▶ _TASK TO CARRY OUT_
Across the records, find how many lines include the string "have" and answer with only the figure.

[Start of Attachment]

lemma smult_mat_mult_vec:
  fixes B :: "'a::comm_ring_1 mat"
  assumes "B \<in> carrier_mat n m" and "v \<in> carrier_vec m"
  shows "(a \<cdot>\<^sub>m B) *\<^sub>v v = a \<cdot>\<^sub>v (B *\<^sub>v v)"
  by (rule eq_vecI) (use assms in \<open>auto simp: scalar_prod_def sum_distrib_left ac_simps\<close>)

lemma mult_mat_vec_smult:
  fixes B :: "'a::comm_ring_1 mat"
  assumes "B \<in> carrier_mat n m" and "v \<in> carrier_vec m"
  shows "B *\<^sub>v (a \<cdot>\<^sub>v v) = a \<cdot>\<^sub>v (B *\<^sub>v v)"
  by (rule eq_vecI) (use assms in \<open>auto simp: scalar_prod_def sum_distrib_left ac_simps\<close>)

lemma symmetric_mat_scalar_prod:
  fixes B :: "'a::comm_semiring_0 mat"
  assumes "B \<in> carrier_mat n n" and "B\<^sup>T = B" and "x \<in> carrier_vec n" and "y \<in> carrier_vec n"
  shows "(B *\<^sub>v y) \<bullet> x = y \<bullet> (B *\<^sub>v x)"
  using transpose_vec_mult_scalar[OF assms(1,3,4)] assms(2) by simp

lemma transpose_add_smult_one:
  assumes "A \<in> carrier_mat n n" and "A\<^sup>T = A"
  shows "(A + a \<cdot>\<^sub>m 1\<^sub>m n)\<^sup>T = A + a \<cdot>\<^sub>m 1\<^sub>m n"
proof -
  have "(a \<cdot>\<^sub>m 1\<^sub>m n)\<^sup>T = a \<cdot>\<^sub>m 1\<^sub>m n" by (rule eq_matI) auto
  then show ?thesis using assms by (simp add: transpose_add)
qed

lemma adj_mat_one: "adj_mat (1\<^sub>m n :: 'a::comm_ring_1 mat) = 1\<^sub>m n"
proof -
  have "adj_mat (1\<^sub>m n :: 'a mat) = 1\<^sub>m n * adj_mat (1\<^sub>m n)"
    using adj_mat(1)[of "1\<^sub>m n :: 'a mat" n] by simp
  also have "\<dots> = (1::'a) \<cdot>\<^sub>m 1\<^sub>m n"
    using adj_mat(2)[of "1\<^sub>m n :: 'a mat" n] by simp
  also have "\<dots> = 1\<^sub>m n"
    by (rule eq_matI) auto
  finally show ?thesis .
qed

[End of Attachment]

▶ _ANSWER BOX_
4